The set of studies in the present chapter on "Object Recognition" examined the attributes of
objects that contribute to the perception and recognition of familiar images. The particular
training objects and manipulations of object features were chosen because they are similar
to those used in the study of object recognition in humans by Biederman and colleagues. However,
the training methods employed in the human and pigeon studies are quite different, a factor
which may contribute to any observed differences in performance between the two species.
Geon Structural
Descriptions. Pigeons demonstrated a
sensitivity to the spatial organization of object components. When the geons were spatially
displaced from their normal position, recognition accuracy suffered. Moreover, pigeons were
able to discriminate between different spatial arrangements of the same geons. Finally,
the pigeons demonstrated generalization to pseudo-objects that contained the same spatial
organization as a reinforced pseudo-object (see section on relative importance
of geons and interrelations). The geons themselves were also seen to control behavior. First,
there was above-chance performance to scrambled versions of objects, that must have been due to the
presence of local features other than the vertices between components. The only local features that
were available were the geons and their component pieces of contour. Second, the principle of three-geon
sufficiency was observed: the deletion of a single geon had no effect on recognition, but the deletion
of three geons had a large detrimental effect (see section on importance of components).

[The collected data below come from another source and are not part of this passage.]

text \<open>Multiplying \<open>G_j\<close> by the factor that extends \<open>G_i\<close> to \<open>G_(i+1)\<close> gives
  \<open>G_(j+1)\<close> minus a multiple of \<open>x G_j\<close>: both factors have product \<open>q\<close>.\<close>
lemma G_times_factor:
  "(1 - x*qvar^Suc i) * (1 - x*qvar powi (-int i)) * G j x = G (Suc j) x - lin_shift i (int j) * x * G j x"
proof -
  have "qvar ^ Suc i * qvar powi (- int i) = (qvar * qvar ^ j) * qvar powi (- int j)"
    using qvar_nonzero by (simp add: power_int_minus_divide field_simps)
  from same_product_quadratics[OF this, of x "G j x"] show ?thesis
    unfolding G.simps lin_shift_def by (simp add: algebra_simps)
qed

lemma G_linearization:
  "G i x * G k x = (\<Sum>j\<in>{0..i+k}. lin_coeff i k (int j) * x^(i+k-j) * G j x)"
proof (induction i)
  case 0
  have "(\<Sum>j\<in>{0..k}. lin_coeff 0 k (int j) * x^(k-j) * G j x)
      = (\<Sum>j\<in>{k}. lin_coeff 0 k (int j) * x^(k-j) * G j x)"
    by (rule sum.mono_neutral_right) (auto simp: lin_coeff_def inv_qpoch_def)
  also have "\<dots> = G k x"
    using qpoch_nonzero[of k] by (simp add: lin_coeff_def inv_qpoch_def qpoch_def field_simps)
  finally show ?case by simp
next
  case (Suc i)
  define A where "A = lin_coeff i k"
  define D where "D = (\<lambda>j::nat. lin_shift i (int j))"
  let ?F = "(1 - x*qvar^Suc i) * (1 - x*qvar powi (-int i))"
  let ?N = "Suc (i + k)"
  have "G (Suc i) x * G k x = ?F * (G i x * G k x)" by (simp add: ac_simps)
  also have "\<dots> = (\<Sum>j\<in>{0..i+k}. A (int j) * x^(i+k-j) * (?F * G j x))"
    unfolding Suc.IH sum_distrib_left A_def by (simp add: ac_simps)
  also have "\<dots> = (\<Sum>j\<in>{0..i+k}. A (int j) * x^(i+k-j) * G (Suc j) x)
      - (\<Sum>j\<in>{0..i+k}. D j * A (int j) * x^(?N-j) * G j x)"
    unfolding G_times_factor sum_subtractf[symmetric] D_def
    by (rule sum.cong) (auto simp: algebra_simps Suc_diff_le)
  also have "(\<Sum>j\<in>{0..i+k}. A (int j) * x^(i+k-j) * G (Suc j) x)
      = (\<Sum>j\<in>{0..?N}. A (int j - 1) * x^(?N-j) * G j x)"
    by (subst sum.atLeast0_atMost_Suc_shift) (simp add: A_def lin_coeff_below)
  also have "(\<Sum>j\<in>{0..i+k}. D j * A (int j) * x^(?N-j) * G j x)
      = (\<Sum>j\<in>{0..?N}. D j * A (int j) * x^(?N-j) * G j x)"
    using lin_coeff_above[of i k] by (subst sum.atLeast0_atMost_Suc) (simp add: A_def ac_simps)
  also have "(\<Sum>j\<in>{0..?N}. A (int j - 1) * x^(?N-j) * G j x)
      - (\<Sum>j\<in>{0..?N}. D j * A (int j) * x^(?N-j) * G j x)
      = (\<Sum>j\<in>{0..Suc i+k}. lin_coeff (Suc i) k (int j) * x^(Suc i+k-j) * G j x)"
    unfolding sum_subtractf[symmetric] lin_coeff_rec A_def D_def
    by (rule sum.cong) (auto simp: algebra_simps)
  finally show ?case .
qed

section \<open>Evaluation at x = q^n\<close>

lemma G_qvar_power: "j \<le> n \<Longrightarrow> G j (qvar^n) * qpoch (n - j) = qpoch (n + j)"
proof (induction j)
  case 0 then show ?case by simp
next
  case (Suc j)
  have IH: "G j (qvar^n) * qpoch (n - j) = qpoch (n + j)" using Suc by simp
  have "qvar^n * qvar powi (- int j) = qvar ^ (n - j)"
    using Suc.prems qvar_nonzero by (simp add: power_int_minus_divide power_diff)
  moreover have "qpoch (n - j) = qpoch (n - Suc j) * (1 - qvar ^ (n - j))"
    using Suc.prems qpoch_Suc[of "n - Suc j"] by (simp add: Suc_diff_Suc)
  moreover have "qpoch (n + Suc j) = qpoch (n + j) * (1 - qvar^n * qvar ^ Suc j)"
    using qpoch_Suc[of "n + j"] by (simp add: power_add)
  ultimately show ?case unfolding G.simps IH[symmetric] by (simp add: ac_simps)
qed

text \<open>For \<open>j > n\<close> the factor \<open>1 - q^n q^(-n)\<close> of \<open>G_j(q^n)\<close> vanishes.\<close>
lemma G_qvar_power_vanishes: "n < j \<Longrightarrow> G j (qvar^n) = 0"
proof (induction j)
  case 0 then show ?case by simp
next
  case (Suc j)
  have "qvar^n * qvar powi (- int n) = 1" using qvar_nonzero by (simp add: power_int_minus_divide)
  with Suc show ?case by (cases "j = n") auto
qed

lemma fqb_via_G: "fqb n j = G j (qvar^n) * inverse (qpoch j) ^ 2"
proof (cases "j \<le> n")
  case True
  have binom1: "qbinom (int n) (int j) = qpoch n / (qpoch j * qpoch (n - j))"
    using True by (simp add: qbinom_def nat_diff_distrib)
  have binom2: "qbinom (int n + int j) (int j) = qpoch (n + j) / (qpoch j * qpoch n)"
    by (simp add: qbinom_def nat_add_distrib)
  show ?thesis unfolding fqb_def binom1 binom2 G_qvar_power[OF True, symmetric]
    using qpoch_nonzero[of n] qpoch_nonzero[of j] qpoch_nonzero[of "n-j"]
    by (simp add: field_simps power2_eq_square)
next
  case False
  then show ?thesis by (simp add: fqb_def qbinom_def G_qvar_power_vanishes)
qed

lemma fqb_vanishes: "n < j \<Longrightarrow> fqb n j = 0"
  by (simp add: fqb_via_G G_qvar_power_vanishes)

lemma coefT_vanishes: "j < i \<or> i + k < j \<Longrightarrow> coefT i k j = 0"
  by (auto simp: coefT_def qmultinom_def)

lemma lin_term_at_qvar_power:
  assumes "j \<le> i + k"
  shows "inverse (qpoch i) ^ 2 * inverse (qpoch k) ^ 2
           * (lin_coeff i k (int j) * (qvar ^ n) ^ (i+k-j) * G j (qvar ^ n))
       = qvar powi ((int n - int j) * (int k + int i - int j)) * coefT i k j * fqb n j"
proof -
  have "int (i+k-j) = int i + int k - int j" using assms by (simp add: of_nat_diff)
  then have "(int n - int j) * (int k + int i - int j) = int n * int (i+k-j) + (-(int j*(int i+int k-int j)))"
    by (simp add: algebra_simps)
  then have power: "qvar powi ((int n - int j) * (int k + int i - int j))
      = (qvar ^ n) ^ (i+k-j) * qvar powi (-(int j*(int i+int k-int j)))"
    by (simp only: qvar_powi_add power_int_mult power_int_of_nat)
  have binom: "qbinom (int i + int k) (int i) = qpoch (i+k) / (qpoch i * qpoch k)"
    by (simp add: qbinom_def nat_add_distrib)
  have multinom: "qmultinom (int j) (int j - int i) (int j - int k) (int i + int k - int j)
      = qpoch j * inv_qpoch (int j - int i) * inv_qpoch (int j - int k) * inv_qpoch (int i + int k - int j)"
    by (rule qmultinom_inv_qpoch) simp
  show ?thesis
    unfolding power coefT_def binom multinom fqb_via_G lin_coeff_def inv_qpoch_of_nat
    using qpoch_nonzero[of i] qpoch_nonzero[of k] qpoch_nonzero[of j]
    by (simp add: field_simps power2_eq_square)
qed

theorem fqb_product:
  "fqb n i * fqb n k = (\<Sum>j\<in>{0..i+k}. qvar powi ((int n - int j) * (int k + int i - int j))
                                        * coefT i k j * fqb n j)"
proof -
  define C where "C = inverse (qpoch i) ^ 2 * inverse (qpoch k) ^ 2"
  have "fqb n i * fqb n k = C * (G i (qvar ^ n) * G k (qvar ^ n))"
    unfolding fqb_via_G C_def by (simp add: ac_simps)
  also have "\<dots> = (\<Sum>j\<in>{0..i+k}. C * (lin_coeff i k (int j) * (qvar ^ n)^(i+k-j) * G j (qvar ^ n)))"
    unfolding G_linearization sum_distrib_left ..
  also have "\<dots> = (\<Sum>j\<in>{0..i+k}. qvar powi ((int n - int j) * (int k + int i - int j))
                                  * coefT i k j * fqb n j)"
    unfolding C_def by (rule sum.cong) (simp_all add: lin_term_at_qvar_power)
  finally show ?thesis .
qed

section \<open>The power formula for f(n,k)^r\<close>

definition power_term :: "nat \<Rightarrow> nat \<Rightarrow> nat \<Rightarrow> nat \<Rightarrow> qf" where
  "power_term r n k j = qvar powi ((int r * int k - int j) * int n) * fqb n j * Pq r k j"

Third, pigeons demonstrated substantial generalization to pseudo-objects containing the same geons as a
reinforced pseudo-object (see section on relative importance
of geons and interrelations). These combined results indicate that pigeons, too, may store geon
structural descriptions of objects. The similarities in primal object recognition among pigeons and
people encourages the use of a single theoretical account that may apply to many species of animal.
Invariant Object
Recognition. In the study of
invariances in object recognition
in pigeons, there was significant transfer to stimuli that were rotated in depth,
moved, or altered in size (see section on invariance). However, only translational
invariance was complete. Both rotation in depth and changes in size produced systematic decrements in
accuracy: as the degree of rotation or change in size of the training object was increased, greater decrements
in performance were observed. In human subjects, these kind of systematic decrements have been observed in studies on rotational
and size invariance, but usually the costs are in reaction time, not recognition accuracy (e.g., Bartram,
1974; Hayward & Tarr, 1997; Jolicoeur, 1987; Shepard & Metzler, 1972; Tarr et al., 1998). In
other studies, changes in rotation or size produced no effect on recognition accuracy or speed
(e.g., Biederman & Bar, 1999; Biederman & Cooper, 1992; Biederman & Gerhardstein, 1993;
Fiser & Biederman, 1995).
Thus far, the only operation that has produced complete invariance in the pigeon is training with
multiple
examples along the to-be-manipulated dimension. In the work on rotational invariance, training with widely spaced
views results in a flat generalization gradient. Complete translational invariance was also only observed when multiple
training locations were used (but, the number and particular set of training locations has not been systematically
studied). We did not conduct investigations with multiple training sizes, so we don't know whether complete
size invariance can be observed.
In sum, it is difficult to determine the degree of similarity between pigeons and humans in their to sensitivity
to variations in the size, location, or angle of view because (1) humans sometimes act like pigeons, demonstrating
a systematic generalization decrement, but at other times demonstrate complete invariance, and (2) rotation in depth
or change in size most commonly affects reaction times in humans, but affects recognition accuracy in pigeons -- this difference
may indicate different underlying mechanisms (see below). Further work may determine the conditions which
affect the degree of invariance that is observed. Important considerations are likely the features of the
stimuli in the training set (see, for example, Beiderman & Gerhardstein, 1993) and the experimental
procedure which is employed in training.
Theoretical Evaluation
Many of the experiments presented in this chapter were designed to contrast Recognition-by-components (Biederman, 1987),
a model which incorporates both features and their organization, with Particulate feature theory (Cerella, 1986),
a feature-only model. Therefore, the chapter was organized around contrasting these two competing views.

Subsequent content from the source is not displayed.